Copy out all of the data below with no alterations.

» Stored items
****************************************
(* Let $m\geq 1$, let $\zeta=\zeta_m$ be a primitive $m$th root of unity, let $C_m$ be cyclic of order $m$ with generator $c$, and consider the cyclic Wedderburn embedding \[ \omega_m\colon\mathbb{Z}[\zeta]C_m\to\prod_{j\in[0,m-1]}\mathbb{Z}[\zeta],\qquad c\mapsto(\zeta^j)_{j\in[0,m-1]}. \] Then: (i) $G_{\zeta^{-1}}^{\mathrm{T}}\,V_{\zeta}\,G_{\zeta^{-1}}=m\,(D_{\zeta^{-1}})^{-1}$, and this is a diagonal matrix whose $(i+1)$st diagonal entry, $i\in[0,m-1]$, equals \[ \frac{m\,\zeta^{(i^2)}}{\prod_{j\in[1,i]}(1-\zeta^j)}. \] (ii) The image of $\omega_m$ is \[ \Bigl\{(y_j)_{j\in[0,m-1]}\in\prod_{j\in[0,m-1]}\mathbb{Z}[\zeta]\;\Bigm|\;\sum_{j\in[i,m-1]}y_j\begin{bmatrix}j\\ i\end{bmatrix}_{\zeta^{-1}}\in\mathbb{Z}[\zeta]\cdot\frac{m}{\prod_{j\in[1,i]}(1-\zeta^j)}\ \text{for all }i\in[0,m-1]\Bigr\}, \] where the membership is taken inside $\mathbb{Q}(\zeta)$. (iii) A $\mathbb{Z}[\zeta]$-linear basis of the image of $\omega_m$ is given by the elements, indexed by $j\in[0,m-1]$, \[ \Bigl((-1)^k\zeta^{\binom{k}{2}}\frac{m}{\prod_{l\in[1,j]}(1-\zeta^l)}\begin{bmatrix}j\\ k\end{bmatrix}_{\zeta}\Bigr)_{k\in[0,m-1]}\in\prod_{k\in[0,m-1]}\mathbb{Z}[\zeta]. \]
   Context: For an indeterminate $q$ and integers $i\ge0$, $j\in\mathbb{Z}$: $[i]=(q^i-1)/(q-1)$, $[i]!=\prod_{k=1}^i[k]$ (so $[0]!=1$), and the Gaussian binomial $\begin{bmatrix}i\\ j\end{bmatrix}=\begin{bmatrix}i\\ j\end{bmatrix}_q=[i]!/([j]![i-j]!)$ if $j\in[0,i]$ and $0$ otherwise; specializing $q$ to a root of unity gives the values written with subscript. The $m\times m$ matrices (rows and columns indexed by $[0,m-1]$) are $G_q=(\begin{bmatrix}i\\ j\end{bmatrix})_{i,j}$, $V_q=(q^{ij})_{i,j}$, and $D_q$ the diagonal matrix with $i$th entry $[i]!\,(q-1)^i\,q^{\binom{i}{2}}$; $^{\mathrm T}$ denotes transpose. Interval $[a,b]=\{x\in\mathbb{Z}:a\le x\le b\}$. *)

theory Defs
  imports Complex_Main "HOL-Computational_Algebra.Polynomial"
begin

text \<open>q-integers, q-factorials and Gaussian binomials, evaluated at a complex number q.
  [i]_q is written as the polynomial 1 + q + ... + q^(i-1), which equals (q^i-1)/(q-1)
  for q \<noteq> 1 and is its polynomial specialization in general.\<close>
definition qint :: "complex \<Rightarrow> nat \<Rightarrow> complex" where
  "qint q i = (\<Sum>k<i. q ^ k)"

definition qfact :: "complex \<Rightarrow> nat \<Rightarrow> complex" where
  "qfact q i = (\<Prod>k\<in>{1..i}. qint q k)"

definition qbinom :: "complex \<Rightarrow> nat \<Rightarrow> nat \<Rightarrow> complex" where
  "qbinom q i j = (if j \<le> i then qfact q i / (qfact q j * qfact q (i - j)) else 0)"

text \<open>m x m matrices indexed by [0,m-1], represented as functions nat => nat => complex.\<close>
definition Gmat :: "complex \<Rightarrow> nat \<Rightarrow> nat \<Rightarrow> complex" where
  "Gmat q i j = qbinom q i j"

definition Vmat :: "complex \<Rightarrow> nat \<Rightarrow> nat \<Rightarrow> complex" where
  "Vmat q i j = q ^ (i * j)"

definition Ddiag :: "complex \<Rightarrow> nat \<Rightarrow> complex" where
  "Ddiag q i = qfact q i * (q - 1) ^ i * q ^ (i choose 2)"

definition mtrans :: "(nat \<Rightarrow> nat \<Rightarrow> complex) \<Rightarrow> nat \<Rightarrow> nat \<Rightarrow> complex" where
  "mtrans A i j = A j i"

definition mmult :: "nat \<Rightarrow> (nat \<Rightarrow> nat \<Rightarrow> complex) \<Rightarrow> (nat \<Rightarrow> nat \<Rightarrow> complex)
    \<Rightarrow> nat \<Rightarrow> nat \<Rightarrow> complex" where
  "mmult m A B i j = (\<Sum>k<m. A i k * B k j)"

definition Zz :: "complex \<Rightarrow> complex set" where
  "Zz z = {x. \<exists>p :: int poly. x = poly (map_poly of_int p) z}"

definition prodZ :: "nat \<Rightarrow> complex \<Rightarrow> (nat \<Rightarrow> complex) set" where
  "prodZ m z = {y. (\<forall>j<m. y j \<in> Zz z) \<and> (\<forall>j\<ge>m. y j = 0)}"

text \<open>An element sum_{k<m} a_k c^k of the group ring Z[zeta]C_m is represented by its
  coefficient vector a in prodZ m z; omega_m sends c to (zeta^j)_j.\<close>
definition omega :: "nat \<Rightarrow> complex \<Rightarrow> (nat \<Rightarrow> complex) \<Rightarrow> nat \<Rightarrow> complex" where
  "omega m z a = (\<lambda>j. if j < m then (\<Sum>k<m. a k * z ^ (j * k)) else 0)"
****************************************
» REPLY
(* Let $m\geq 1$, let $\zeta=\zeta_m$ be a primitive $m$th root of unity, let $C_m$ be cyclic of order $m$ with generator $c$, and consider the cyclic Wedderburn embedding \[ \omega_m\colon\mathbb{Z}[\zeta]C_m\to\prod_{j\in[0,m-1]}\mathbb{Z}[\zeta],\qquad c\mapsto(\zeta^j)_{j\in[0,m-1]}. \] Then: (i) $G_{\zeta^{-1}}^{\mathrm{T}}\,V_{\zeta}\,G_{\zeta^{-1}}=m\,(D_{\zeta^{-1}})^{-1}$, and this is a diagonal matrix whose $(i+1)$st diagonal entry, $i\in[0,m-1]$, equals \[ \frac{m\,\zeta^{(i^2)}}{\prod_{j\in[1,i]}(1-\zeta^j)}. \] (ii) The image of $\omega_m$ is \[ \Bigl\{(y_j)_{j\in[0,m-1]}\in\prod_{j\in[0,m-1]}\mathbb{Z}[\zeta]\;\Bigm|\;\sum_{j\in[i,m-1]}y_j\begin{bmatrix}j\\ i\end{bmatrix}_{\zeta^{-1}}\in\mathbb{Z}[\zeta]\cdot\frac{m}{\prod_{j\in[1,i]}(1-\zeta^j)}\ \text{for all }i\in[0,m-1]\Bigr\}, \] where the membership is taken inside $\mathbb{Q}(\zeta)$. (iii) A $\mathbb{Z}[\zeta]$-linear basis of the image of $\omega_m$ is given by the elements, indexed by $j\in[0,m-1]$, \[ \Bigl((-1)^k\zeta^{\binom{k}{2}}\frac{m}{\prod_{l\in[1,j]}(1-\zeta^l)}\begin{bmatrix}j\\ k\end{bmatrix}_{\zeta}\Bigr)_{k\in[0,m-1]}\in\prod_{k\in[0,m-1]}\mathbb{Z}[\zeta]. \]
   Context: For an indeterminate $q$ and integers $i\ge0$, $j\in\mathbb{Z}$: $[i]=(q^i-1)/(q-1)$, $[i]!=\prod_{k=1}^i[k]$ (so $[0]!=1$), and the Gaussian binomial $\begin{bmatrix}i\\ j\end{bmatrix}=\begin{bmatrix}i\\ j\end{bmatrix}_q=[i]!/([j]![i-j]!)$ if $j\in[0,i]$ and $0$ otherwise; specializing $q$ to a root of unity gives the values written with subscript. The $m\times m$ matrices (rows and columns indexed by $[0,m-1]$) are $G_q=(\begin{bmatrix}i\\ j\end{bmatrix})_{i,j}$, $V_q=(q^{ij})_{i,j}$, and $D_q$ the diagonal matrix with $i$th entry $[i]!\,(q-1)^i\,q^{\binom{i}{2}}$; $^{\mathrm T}$ denotes transpose. Interval $[a,b]=\{x\in\mathbb{Z}:a\le x\le b\}$. *)

theory Defs
  imports Complex_Main "HOL-Computational_Algebra.Polynomial"
begin

text \<open>q-integers, q-factorials and Gaussian binomials, evaluated at a complex number q.
  [i]_q is written as the polynomial 1 + q + ... + q^(i-1), which equals (q^i-1)/(q-1)
  for q \<noteq> 1 and is its polynomial specialization in general.\<close>
definition qint :: "complex \<Rightarrow> nat \<Rightarrow> complex" where
  "qint q i = (\<Sum>k<i. q ^ k)"

definition qfact :: "complex \<Rightarrow> nat \<Rightarrow> complex" where
  "qfact q i = (\<Prod>k\<in>{1..i}. qint q k)"

definition qbinom :: "complex \<Rightarrow> nat \<Rightarrow> nat \<Rightarrow> complex" where
  "qbinom q i j = (if j \<le> i then qfact q i / (qfact q j * qfact q (i - j)) else 0)"

text \<open>m x m matrices indexed by [0,m-1], represented as functions nat => nat => complex.\<close>
definition Gmat :: "complex \<Rightarrow> nat \<Rightarrow> nat \<Rightarrow> complex" where
  "Gmat q i j = qbinom q i j"

definition Vmat :: "complex \<Rightarrow> nat \<Rightarrow> nat \<Rightarrow> complex" where
  "Vmat q i j = q ^ (i * j)"

definition Ddiag :: "complex \<Rightarrow> nat \<Rightarrow> complex" where
  "Ddiag q i = qfact q i * (q - 1) ^ i * q ^ (i choose 2)"

definition mtrans :: "(nat \<Rightarrow> nat \<Rightarrow> complex) \<Rightarrow> nat \<Rightarrow> nat \<Rightarrow> complex" where
  "mtrans A i j = A j i"

definition mmult :: "nat \<Rightarrow> (nat \<Rightarrow> nat \<Rightarrow> complex) \<Rightarrow> (nat \<Rightarrow> nat \<Rightarrow> complex)
    \<Rightarrow> nat \<Rightarrow> nat \<Rightarrow> complex" where
  "mmult m A B i j = (\<Sum>k<m. A i k * B k j)"

definition Zz :: "complex \<Rightarrow> complex set" where
  "Zz z = {x. \<exists>p :: int poly. x = poly (map_poly of_int p) z}"

definition prodZ :: "nat \<Rightarrow> complex \<Rightarrow> (nat \<Rightarrow> complex) set" where
  "prodZ m z = {y. (\<forall>j<m. y j \<in> Zz z) \<and> (\<forall>j\<ge>m. y j = 0)}"

text \<open>An element sum_{k<m} a_k c^k of the group ring Z[zeta]C_m is represented by its
  coefficient vector a in prodZ m z; omega_m sends c to (zeta^j)_j.\<close>
definition omega :: "nat \<Rightarrow> complex \<Rightarrow> (nat \<Rightarrow> complex) \<Rightarrow> nat \<Rightarrow> complex" where
  "omega m z a = (\<lambda>j. if j < m then (\<Sum>k<m. a k * z ^ (j * k)) else 0)"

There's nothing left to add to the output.